▸ Problem to work on: In the material below, how many lines include the string "points"? Answer with the number and nothing else.

▸ Material to process:
text \<open>
  The group in question is \<open>H = GL(V) \<inter> L\<close>, where \<open>L\<close> is the set of matrices preserving the
  subspaces \<open>U\<close>, \<open>W\<close> and \<open>V\<^sub>0, \<dots>, V\<^sub>N\<close> of the decomposition and the flag.  The point is
  that \<open>L\<close> is a linear subspace of the matrix space, so \<open>H\<close> is the complement of the
  determinant hypersurface in an affine space, and such a set is Zariski connected: the
  affine line through two points of \<open>H\<close> lies in \<open>L\<close>, it meets the zero set of the determinant
  (a polynomial in the line parameter that does not vanish at 0) in finitely many points,
  and any Zariski closed set meets the line either in all or in finitely many points.
  Since \<open>\<complex>\<close> is infinite, a separation of \<open>H\<close> by two closed sets is impossible.
\<close>

text \<open>An injective linear map sending a finite-dimensional subspace \<open>S\<close> into itself is onto
  \<open>S\<close>: it sends a basis to an independent set of the same size inside \<open>S\<close>, which must span.
  The ambient space need not be finite-dimensional.\<close>

lemma (in vector_space) inj_on_endo_image_eq:
  assumes S: "subspace S" and fin: "finite T" "S \<subseteq> span T"
    and f: "Vector_Spaces.linear scale scale f" and inj: "inj_on f S" and into: "f ` S \<subseteq> S"
  shows "f ` S = S"
proof -
  interpret f: module_hom scale scale f using f by (simp add: linear_iff_module_hom)
  obtain B where B: "B \<subseteq> S" "independent B" "S \<subseteq> span B"
    using basis_exists by blast
  have finB: "finite B" using independent_span_bound[OF fin(1) B(2)] B(1) fin(2) by blast
  have span_B: "span B = S" using B S span_minimal by (meson span_subspace)
  have indep_fB: "independent (f ` B)"
    using f.independent_inj_on_image[OF B(2)] inj span_B by simp
  have card_fB: "card (f ` B) = card B" using card_image inj B(1) inj_on_subset by metis
  have "S \<subseteq> span (f ` B)"
  proof
    fix a assume a: "a \<in> S"
    show "a \<in> span (f ` B)"
    proof (rule ccontr)
      assume a_out: "a \<notin> span (f ` B)"
      have "independent (insert a (f ` B))" using independent_insertI[OF a_out indep_fB] .
      moreover have "insert a (f ` B) \<subseteq> span B" using a B into span_B by auto
      ultimately have "card (insert a (f ` B)) \<le> card B"
        using independent_span_bound[OF finB] by simp
      moreover have "a \<notin> f ` B" using a_out span_base by blast
      ultimately show False using card_fB finB by simp
    qed
  qed
  also have "span (f ` B) = f ` span B" by (rule f.span_image)
  finally show ?thesis using span_B into by auto
qed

▸ Solution to this problem: 3